Work required:
Produce word for word the lines of the data below running from the one that has "by (rule BseqE)" to the one that has "using order_tendstoD(2)[OF b[unfolded", inclusive, and no others.

Input data:
****

lemma apply1_prod_state:
  assumes "q < w"
  shows "apply1 M q (prod_state w v) = prod_state w (v(q := mat_vec M (v q)))"
proof
  fix i :: nat
  have split: "(\<Prod>r<w. g r :: complex) = g q * (\<Prod>r\<in>{..<w}-{q}. g r)" for g
    using assms by (intro prod.remove) auto
  have "(\<Prod>r<w. v r (bit (set_bit q i) r)) = v q True * (\<Prod>r\<in>{..<w}-{q}. v r (bit i r))"
    "(\<Prod>r<w. v r (bit (unset_bit q i) r)) = v q False * (\<Prod>r\<in>{..<w}-{q}. v r (bit i r))"
    "(\<Prod>r<w. (v(q := u)) r (bit i r)) = u (bit i q) * (\<Prod>r\<in>{..<w}-{q}. v r (bit i r))" for u
    by (subst split; auto simp: bit_set_bit_iff bit_unset_bit_iff intro!: prod.cong)+
  then show "apply1 M q (prod_state w v) i = prod_state w (v(q := mat_vec M (v q))) i"
    using assms by (simp add: apply1_def prod_state_def set_bit_less_exp_iff unset_bit_less_exp_iff
        mat_vec_def algebra_simps)
qed

lemma init_state_eq_prod_state: "init_state = prod_state w (\<lambda>_. ket0)"
proof
  fix i :: nat
  show "init_state i = prod_state w (\<lambda>_. ket0) i"
  proof (cases "i = 0")
    case False
    then obtain q where q: "bit i q" using bit_eqI[of i 0] by auto
    have "(\<Prod>r<w. ket0 (bit i r)) = 0" if "i < 2^w"
    proof -
      have "q < w" using q that by (metis bit_take_bit_iff take_bit_nat_eq_self_iff)
      then show ?thesis using q by (intro prod_zero) (auto simp: ket0_def)
    qed
    then show ?thesis using False by (simp add: init_state_def prod_state_def)
  qed (simp add: init_state_def prod_state_def ket0_def)
qed

lemma prod_state_Suc:
  "prod_state (Suc m) v = (\<lambda>i. prod_state m (\<lambda>k. v (Suc k)) (i div 2) * v 0 (odd i))"
proof
  fix i :: nat
  have "i < 2^Suc m \<longleftrightarrow> i div 2 < 2^m" by (simp add: div_less_iff_less_mult mult.commute)
  then show "prod_state (Suc m) v i = prod_state m (\<lambda>k. v (Suc k)) (i div 2) * v 0 (odd i)"
    unfolding prod_state_def
    by (simp only: prod.lessThan_Suc_shift bit_0 bit_Suc) (simp add: mult.commute)
qed

abbreviation run_gates :: "(nat \<Rightarrow> real) \<Rightarrow> (nat \<Rightarrow> real) \<Rightarrow> qstate \<Rightarrow> gate list \<Rightarrow> qstate" where
  "run_gates \<theta> x \<equiv> foldl (\<lambda>\<psi> g. gate_sem \<theta> x g \<psi>)"

lemma run_circuit_singleton_layers:
  "run_circuit \<theta> x (map (\<lambda>g. [g]) gs) = run_gates \<theta> x init_state gs"
  by (simp add: run_circuit_def foldl_map)

definition encoding_gates :: "nat \<Rightarrow> nat \<Rightarrow> gate list" where
  "encoding_gates N m = map (\<lambda>k. Enc (Suc k) (k div N)) [0..<m]"
lemma av_lim_unique:
  assumes "av_lim av f a" "av_lim av f b"
  shows "a = b"
proof -
  have "av (a - b) \<le> av (f N - a) + av (f N - b)" for N
    using av_diff_triangle[of a b "f N"] av_minus_commute[of a "f N"] by linarith
  moreover have "(\<lambda>N. av (f N - a) + av (f N - b)) \<longlonglongrightarrow> 0"
    using tendsto_add[of _ 0 _ _ 0] assms unfolding av_lim_def by fastforce
  ultimately have "av (a - b) \<le> 0"
    by (intro LIMSEQ_le[OF tendsto_const]) auto
  then show ?thesis
    using av_nonneg[of "a - b"] av_eq_0_iff[of "a - b"] by simp
qed

lemma av_lim_Suc: "av_lim av f a \<Longrightarrow> av_lim av (\<lambda>N. f (Suc N)) a"
  unfolding av_lim_def by (rule LIMSEQ_Suc)

lemma av_lim_le:
  assumes "av_lim av f a" "\<And>N. av (f N) \<le> B"
  shows "av a \<le> B"
proof -
  have "av a \<le> av (f N - a) + B" for N
    using av_diff_triangle[of a 0 "f N"] av_minus_commute[of a "f N"] assms(2)[of N] by simp
  moreover have "(\<lambda>N. av (f N - a) + B) \<longlonglongrightarrow> 0 + B"
    using assms(1) unfolding av_lim_def by (intro tendsto_intros)
  ultimately show ?thesis
    by (intro LIMSEQ_le[OF tendsto_const, of _ "0 + B", simplified]) auto
qed

abbreviation av_sums :: "(nat \<Rightarrow> 'a) \<Rightarrow> 'a \<Rightarrow> bool" where
  "av_sums f s \<equiv> av_lim av (\<lambda>N. \<Sum>k<N. f k) s"

lemma av_suminf_eqI: "av_sums f s \<Longrightarrow> av_suminf av f = s"
  unfolding av_suminf_def using av_lim_unique by blast

lemma av_sums_imp_lim_0: "av_sums f s \<Longrightarrow> av_lim av f 0"
  using av_lim_diff[OF av_lim_Suc] by fastforce

lemma av_sums_le:
  assumes "av_sums f s" "0 \<le> B" "\<And>k. av (f k) \<le> B"
  shows "av s \<le> B"
  using assms(1) by (rule av_lim_le) (use assms(2,3) in \<open>intro av_sum_le\<close>)

lemma av_sums_cmult:
  assumes "av_sums f s"
  shows "av_sums (\<lambda>k. c * f k) (c * s)"
  using av_lim_mult[OF av_lim_const[of c] assms] by (simp add: sum_distrib_left)

lemma av_sums_Suc_shift:
  assumes "av_sums f s"
  shows "av_sums (\<lambda>k. f (Suc k)) (s - f 0)"
  using av_lim_diff[OF av_lim_Suc[OF assms] av_lim_const[of "f 0"]]
  by (simp add: sum.lessThan_Suc_shift del: sum.lessThan_Suc)

lemma av_sums_shift:
  assumes "av_sums f s"
  shows "av_sums (\<lambda>k. f (k + K)) (s - (\<Sum>k<K. f k))"
proof (induction K)
  case (Suc K)
  from av_sums_Suc_shift[OF Suc] show ?case
    by (simp add: algebra_simps)
qed (simp add: assms)

lemma av_sums_finite:
  assumes "\<And>k. M \<le> k \<Longrightarrow> f k = 0"
  shows "av_sums f (\<Sum>k<M. f k)"
proof (rule av_lim_by_bound[where b = "\<lambda>_. 0"])
  have "av ((\<Sum>k<N. f k) - (\<Sum>k<M. f k)) \<le> 0" if "M \<le> N" for N
  proof -
    have "(\<Sum>k<N. f k) = (\<Sum>k<M. f k)"
      using that by (intro sum.mono_neutral_right) (auto simp: assms)
    then show ?thesis
      by simp
  qed
  then show "\<forall>\<^sub>F N in sequentially. av ((\<Sum>k<N. f k) - (\<Sum>k<M. f k)) \<le> 0"
    by (rule eventually_sequentiallyI)
qed simp

lemma av_lim_0_imp_bounded:
  assumes "av_lim av f 0"
  obtains M where "0 < M" "\<And>k. av (f k) \<le> M"
proof -
  have "Bseq (\<lambda>k. av (f k))"
    using assms unfolding av_lim_def by (simp add: convergent_imp_Bseq convergentI)
  then obtain M where "0 < M" "\<forall>k. norm (av (f k)) \<le> M"
    by (rule BseqE)
  then show ?thesis
    using that[of M] by (simp add: av_nonneg)
qed

lemma av_mult_small_off_triangle:
  assumes a: "av_lim av a 0" and b: "av_lim av b 0" and "0 < r"
  obtains K where "\<And>i j. K \<le> i + j \<Longrightarrow> av (a i * b j) \<le> r"
proof -
  obtain Ma where Ma: "0 < Ma" "\<And>k. av (a k) \<le> Ma"
    using av_lim_0_imp_bounded[OF a] by blast
  obtain Mb where Mb: "0 < Mb" "\<And>k. av (b k) \<le> Mb"
    using av_lim_0_imp_bounded[OF b] by blast
  obtain K1 where K1: "\<And>k. K1 \<le> k \<Longrightarrow> av (a k) < r / Mb"
    using order_tendstoD(2)[OF a[unfolded av_lim_def], of "r / Mb"] \<open>0 < r\<close> Mb
    by (auto simp: eventually_sequentially)
  obtain K2 where K2: "\<And>k. K2 \<le> k \<Longrightarrow> av (b k) < r / Ma"
    using order_tendstoD(2)[OF b[unfolded av_lim_def], of "r / Ma"] \<open>0 < r\<close> Ma
    by (auto simp: eventually_sequentially)
  have "av (a i * b j) \<le> r" if "K1 + K2 \<le> i + j" for i j
  proof -
    have "K1 \<le> i \<or> K2 \<le> j"
      using that by arith
    then show ?thesis
    proof
      assume "K1 \<le> i"
      then have "av (a i) * av (b j) \<le> r / Mb * Mb"
        using K1 Mb \<open>0 < r\<close> by (intro mult_mono) (auto intro: less_imp_le simp: av_nonneg)
      then show ?thesis
        using Mb(1) by (simp add: av_mult)
    next
      assume "K2 \<le> j"
      then have "av (a i) * av (b j) \<le> Ma * (r / Ma)"
        using K2 Ma \<open>0 < r\<close> by (intro mult_mono) (auto intro: less_imp_le simp: av_nonneg)
      then show ?thesis
        using Ma(1) by (simp add: av_mult)
    qed
  qed
  then show ?thesis
    using that by blast
qed

lemma av_lim_sum_off_triangle:
  assumes a: "av_lim av a 0" and b: "av_lim av b 0"
  shows "av_lim av (\<lambda>N. \<Sum>(i, j) \<in> {..<N} \<times> {..<N} - {(i, j). i + j < N}. a i * b j) 0"
proof -
  let ?D = "\<lambda>N. \<Sum>(i, j) \<in> {..<N} \<times> {..<N} - {(i, j). i + j < N}. a i * b j"
  have "(\<lambda>N. av (?D N)) \<longlonglongrightarrow> 0"
  proof (rule LIMSEQ_I)
    fix r :: real
    assume "0 < r"
    then obtain K where K: "\<And>i j. K \<le> i + j \<Longrightarrow> av (a i * b j) \<le> r / 2"
      using av_mult_small_off_triangle[OF a b, of "r / 2"] by auto
    show "\<exists>N0. \<forall>N\<ge>N0. norm (av (?D N) - 0) < r"
    proof (intro exI allI impI)
      fix N
      assume "K \<le> N"
      then have "av (?D N) \<le> r / 2"
        using \<open>0 < r\<close> K by (intro av_sum_le) auto
      then show "norm (av (?D N) - 0) < r"
        using \<open>0 < r\<close> by (simp add: av_nonneg)
    qed
  qed
  then show ?thesis
    unfolding av_lim_def by simp
qed

lemma av_sums_Cauchy_product:
  assumes a: "av_sums a A" and b: "av_sums b B"
  shows "av_sums (\<lambda>m. \<Sum>i\<le>m. a i * b (m - i)) (A * B)"
proof -
  let ?off = "\<lambda>N. {..<N} \<times> {..<N} - {(i, j). i + j < N}"
  have "(\<Sum>m<N. \<Sum>i\<le>m. a i * b (m - i)) =
      (\<Sum>k<N. a k) * (\<Sum>k<N. b k) - (\<Sum>(i, j) \<in> ?off N. a i * b j)" for N
  proof -
    have "(\<Sum>k<N. a k) * (\<Sum>k<N. b k) = (\<Sum>(i, j) \<in> {..<N} \<times> {..<N}. a i * b j)"
      by (simp add: sum_product sum.cartesian_product)
    also have "\<dots> =
        (\<Sum>(i, j) \<in> ?off N. a i * b j) + (\<Sum>(i, j) \<in> {(i, j). i + j < N}. a i * b j)"
      by (rule sum.subset_diff) auto
    also have "(\<Sum>(i, j) \<in> {(i, j). i + j < N}. a i * b j) = (\<Sum>m<N. \<Sum>i\<le>m. a i * b (m - i))"
      by (rule sum.triangle_reindex)
    finally show ?thesis
      by simp
  qed
  with av_lim_diff[OF av_lim_mult[OF a b]
      av_lim_sum_off_triangle[OF av_sums_imp_lim_0[OF a] av_sums_imp_lim_0[OF b]]]
  show ?thesis
    by simp
qed

lemma av_sums_swap_triangular:
  fixes c :: "nat \<Rightarrow> nat \<Rightarrow> 'a"
  assumes R: "\<And>k. av_sums (c k) (R k)"
    and bound: "\<And>k m. av (c k m) \<le> \<rho> ^ m" and \<rho>: "0 \<le> \<rho>" "\<rho> < 1"
    and triangular: "\<And>k m. m < k \<Longrightarrow> c k m = 0"
    and S: "av_sums (\<lambda>m. \<Sum>k\<le>m. c k m) S"
  shows "av_sums R S"
proof -
  define E where "E K = (\<Sum>k<K. R k - (\<Sum>m<K. c k m))" for K
  have "(\<Sum>m<K. \<Sum>k\<le>m. c k m) = (\<Sum>m<K. \<Sum>k<K. c k m)" for K
    by (intro sum.cong refl sum.mono_neutral_left) (auto simp: triangular)
  also have "\<dots> K = (\<Sum>k<K. \<Sum>m<K. c k m)" for K
    by (rule sum.swap)
  finally have split: "(\<Sum>k<K. R k) = (\<Sum>m<K. \<Sum>k\<le>m. c k m) + E K" for K
    unfolding E_def by (simp add: sum_subtractf)
  have "av (R k - (\<Sum>m<K. c k m)) \<le> \<rho> ^ K" for k K
  proof (rule av_sums_le[OF av_sums_shift[OF R]])
    show "av (c k (j + K)) \<le> \<rho> ^ K" for j
      using bound[of k "j + K"] power_decreasing[of K "j + K" \<rho>] \<rho> by simp
  qed (use \<rho> in simp)
  then have "av (E K - 0) \<le> \<rho> ^ K" for K
    unfolding E_def using \<rho> by (simp add: av_sum_le)
  then have "av_lim av E 0"
    using \<rho> by (intro av_lim_by_bound[where b = "\<lambda>K. \<rho> ^ K"] always_eventually allI
        LIMSEQ_realpow_zero)
  from av_lim_add[OF S this] show ?thesis
    by (simp add: split)
qed

end

locale complete_ultrametric_abs = ultrametric_abs +
  assumes av_Cauchy_imp_lim:
    "(\<forall>e>0. \<exists>M. \<forall>m\<ge>M. \<forall>n\<ge>M. av (f m - f n) < e) \<Longrightarrow> \<exists>L. av_lim av f L"
begin

lemma av_sums_suminf:
  assumes "av_lim av f 0"
  shows "av_sums f (av_suminf av f)"
proof -
  have "\<exists>s. av_sums f s"
  proof (rule av_Cauchy_imp_lim, intro allI impI)
    fix e :: real
    assume "0 < e"
    then obtain M where M: "\<And>k. M \<le> k \<Longrightarrow> av (f k) < e / 2"
      using order_tendstoD(2)[OF assms[unfolded av_lim_def], of "e / 2"]
      by (auto simp: eventually_sequentially)
    have partial: "av ((\<Sum>k<m. f k) - (\<Sum>k<n. f k)) < e" if "M \<le> n" "n \<le> m" for m n
    proof -
      have "(\<Sum>k<m. f k) - (\<Sum>k<n. f k) = (\<Sum>k\<in>{n..<m}. f k)"
        using that sum_diff_nat_ivl[of 0 n m f] by (simp add: atLeast0LessThan)
      moreover have "av (\<Sum>k\<in>{n..<m}. f k) \<le> e / 2"
        using M that \<open>0 < e\<close> by (intro av_sum_le) (auto intro: less_imp_le)
      ultimately show ?thesis
        using \<open>0 < e\<close> by simp
    qed
    show "\<exists>M. \<forall>m\<ge>M. \<forall>n\<ge>M. av ((\<Sum>k<m. f k) - (\<Sum>k<n. f k)) < e"
    proof (intro exI allI impI)
      fix m n
      assume "M \<le> m" "M \<le> n"
      then show "av ((\<Sum>k<m. f k) - (\<Sum>k<n. f k)) < e"
        using partial[of n m] partial[of m n] av_minus_commute by (cases "n \<le> m") auto
    qed
  qed
  then show ?thesis
    using av_suminf_eqI by blast
qed

end

section \<open>The p-adic exponential\<close>

definition exp_radius :: "nat \<Rightarrow> real" where
  "exp_radius p = real p powr (- 1 / (real p - 1))"

locale padic_abs = complete_ultrametric_abs +
  fixes p :: nat
  assumes prime_p: "prime p"
    and av_of_int: "m \<noteq> 0 \<Longrightarrow> av (of_int m) = real p powr - real (multiplicity (int p) m)"

lemma is_Cp_imp_padic_abs:
  assumes "is_Cp p av" and "prime p"
  shows "padic_abs av p"
  using assms by unfold_locales (auto simp: is_Cp_def)

context padic_abs
begin

abbreviation vp :: "nat \<Rightarrow> nat" where
  "vp n \<equiv> multiplicity (int p) (int n)"

lemma p_gt_1: "1 < p"
  using prime_p by (rule prime_gt_1_nat)

lemma prime_int_p: "prime (int p)"
  using prime_p by simp

lemma av_of_int_le_1: "av (of_int m) \<le> 1"
  using p_gt_1
  by (cases "m = 0") (simp_all add: av_of_int powr_minus inverse_le_1_iff ge_one_powr_ge_zero)

lemma av_of_nat_le_1: "av (of_nat n) \<le> 1"
  using av_of_int_le_1[of "int n"] by simp

lemma Zp_av_le_1: "x \<in> Zp av \<Longrightarrow> av x \<le> 1"
  unfolding Zp_def using av_lim_le av_of_int_le_1 by blast
definition rdf_weight :: "nat \<Rightarrow> (pvert \<Rightarrow> nat) \<Rightarrow> nat" where
  "rdf_weight n f = (\<Sum>w\<in>gp_verts n. f w)"

definition gammaR :: "nat \<Rightarrow> nat \<Rightarrow> nat" where
  "gammaR n k = (LEAST m. \<exists>f. is_RDF n k f \<and> rdf_weight n f = m)"

definition Vset :: "nat \<Rightarrow> (pvert \<Rightarrow> nat) \<Rightarrow> nat \<Rightarrow> pvert set" where
  "Vset n f j = {w \<in> gp_verts n. f w = j}"

definition g_f :: "nat \<Rightarrow> nat \<Rightarrow> (pvert \<Rightarrow> nat) \<Rightarrow> pvert \<Rightarrow> real" where
  "g_f n k f w = (if f w = 2 then 0.5 else if f w = 1 then 1
                  else 0.5 * real (card (gp_nbhd n k w \<inter> Vset n f 2)))"

definition r_f :: "nat \<Rightarrow> nat \<Rightarrow> (pvert \<Rightarrow> nat) \<Rightarrow> pvert \<Rightarrow> real" where
  "r_f n k f w = g_f n k f w - 0.5"

definition r_f_set :: "nat \<Rightarrow> nat \<Rightarrow> (pvert \<Rightarrow> nat) \<Rightarrow> pvert set \<Rightarrow> real" where
  "r_f_set n k f S = (\<Sum>w\<in>S. r_f n k f w)"

definition Vprime :: "nat \<Rightarrow> int \<Rightarrow> nat \<Rightarrow> pvert set" where
  "Vprime n i t = {V (nat (j mod int n)) | j. i \<le> j \<and> j \<le> i + int t - 1}
                \<union> {U (nat (j mod int n)) | j. i \<le> j \<and> j \<le> i + int t - 1}"

definition idx :: "nat \<Rightarrow> int \<Rightarrow> nat" where
  "idx n j = nat (j mod int n)"

end

theory Submission
  imports Defs
begin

****

Answer below:
    by (rule BseqE)
  then show ?thesis
    using that[of M] by (simp add: av_nonneg)
qed

lemma av_mult_small_off_triangle:
  assumes a: "av_lim av a 0" and b: "av_lim av b 0" and "0 < r"
  obtains K where "\<And>i j. K \<le> i + j \<Longrightarrow> av (a i * b j) \<le> r"
proof -
  obtain Ma where Ma: "0 < Ma" "\<And>k. av (a k) \<le> Ma"
    using av_lim_0_imp_bounded[OF a] by blast
  obtain Mb where Mb: "0 < Mb" "\<And>k. av (b k) \<le> Mb"
    using av_lim_0_imp_bounded[OF b] by blast
  obtain K1 where K1: "\<And>k. K1 \<le> k \<Longrightarrow> av (a k) < r / Mb"
    using order_tendstoD(2)[OF a[unfolded av_lim_def], of "r / Mb"] \<open>0 < r\<close> Mb
    by (auto simp: eventually_sequentially)
  obtain K2 where K2: "\<And>k. K2 \<le> k \<Longrightarrow> av (b k) < r / Ma"
    using order_tendstoD(2)[OF b[unfolded av_lim_def], of "r / Ma"] \<open>0 < r\<close> Ma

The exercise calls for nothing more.